Dans l’Afrique des grands lacs, le calme de paysages très verts et de collines joliment ondulées cache souvent, au voyageur étranger, l’existence camouflée de dangereux volcans non éteints. Ces volcans, dont les éruptions sont imprévisibles et soudaines, n’ont rien de géologique : ils sont humains.

C’est une région où de simples confrontations politiques peuvent très rapidement déraper en violences urbaines, et ces violences dégénérer en affrontements ethniques généralisés. Souvenons-nous du Rwanda de 1994, où la frustration politique de la population s’était transformée successivement en peurs, puis en haines, puis en violences, puis en massacres. Perpétré d’avril à juin 1994, le génocide commis par la majorité hutue contre la minorité tutsie avait fait quelque 700000 morts.
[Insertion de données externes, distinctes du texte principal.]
(* Let $N\ge2$, $d\ge1$ and consider the system $$\dot x_i(t)=\frac{\lambda_i(x)}{N}\sum_{j=1}^N M_{ij}(t)\,\phi_{ij}(x_i,x_j)\,(x_j(t)-x_i(t)),\qquad i=1,\dots,N,$$ with $x_i\in\mathbb{R}^d$, where all $M_{ij}:[0,+\infty)\to[0,1]$ are Lebesgue measurable and $\lambda_i:\mathbb{R}^{Nd}\to\mathbb{R}^+$, $\phi_{ij}:\mathbb{R}^d\times\mathbb{R}^d\to\mathbb{R}^+$ are Lipschitz continuous and strictly positive. Let $x(t)$ be a (Carathéodory) solution and let $\underline m,\overline m$ be the minimum and maximum of $\lambda_i(y)\phi_{ij}(y_i,y_j)$ over all $i,j\in\{1,\dots,N\}$ and all $y\in\mathbb{R}^{Nd}$ with $|y_k|\le\max_l|x_l(0)|$ for every $k$. Assume the Persistent Excitation condition holds with parameters $(T,\mu)$, $T,\mu>0$: for all indices $i,j$ and all $t\ge0$, $\frac1T\int_t^{t+T}M_{ij}(s)\,ds\ge\mu$. Then for all $n\in\mathbb{N}$, $$\max_{i,j}|x_i(nT)-x_j(nT)|\le C^n\max_{i,j}|x_i(0)-x_j(0)|,\qquad C=1-\frac12\left(\frac{\underline m\mu T}{N+\underline m\mu T}\right)\exp\!\left(-2\tfrac{N-1}{N}T\overline m\right).$$
   Context: $|\cdot|$ is the Euclidean norm; $\mathbb{N}$ includes $0$. *)

theory Defs
  imports "HOL-Analysis.Analysis"
begin

text \<open>Agents are indexed by a finite type 'n (N = CARD('n)), space dimension by a
finite type 'd (d = CARD('d)). A configuration is y :: real^'d^'n, y $ i \<in> R^d.\<close>

definition rhs ::
  "('n::finite \<Rightarrow> real^'d^'n \<Rightarrow> real) \<Rightarrow> ('n \<Rightarrow> 'n \<Rightarrow> real^'d \<Rightarrow> real^'d \<Rightarrow> real)
   \<Rightarrow> ('n \<Rightarrow> 'n \<Rightarrow> real \<Rightarrow> real) \<Rightarrow> real \<Rightarrow> real^'d^'n \<Rightarrow> real^'d^'n" where
  "rhs lam phi M t y = (\<chi> i. (lam i y / real CARD('n)) *\<^sub>R
      (\<Sum>j\<in>UNIV. (M i j t * phi i j (y $ i) (y $ j)) *\<^sub>R (y $ j - y $ i)))"

definition caratheodory_solution ::
  "('n::finite \<Rightarrow> real^'d^'n \<Rightarrow> real) \<Rightarrow> ('n \<Rightarrow> 'n \<Rightarrow> real^'d \<Rightarrow> real^'d \<Rightarrow> real)
   \<Rightarrow> ('n \<Rightarrow> 'n \<Rightarrow> real \<Rightarrow> real) \<Rightarrow> (real \<Rightarrow> real^'d^'n) \<Rightarrow> bool" where
  "caratheodory_solution lam phi M x \<longleftrightarrow>
     (\<forall>t\<ge>0. ((\<lambda>s. rhs lam phi M s (x s)) has_integral (x t - x 0)) {0..t})"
Lundi 9 novembre 2015, les forces de sécurité burundaises ont commencé à ratisser certains quartiers de la capitale Bujumbura, acquis à l’opposition au régime du président Pierre Nkurunziza, qui vient de se faire réélire pour un troisième mandat, après avoir tordu le bras à la Constitution. Cet ancien chef de guerre d’un maquis hutu avait lancé un ultimatum se terminant ce lundi-là, enjoignant aux opposants de rendre leurs armes en échange d’une amnistie. Nkurunziza n’est pas le premier chef d’Etat africain à avoir changé la constitution pour rester au pouvoir plus longtemps. Par ailleurs, il est tout à fait normal qu’un Etat n’accepte pas que des armes de guerre circulent au sein de la population civile.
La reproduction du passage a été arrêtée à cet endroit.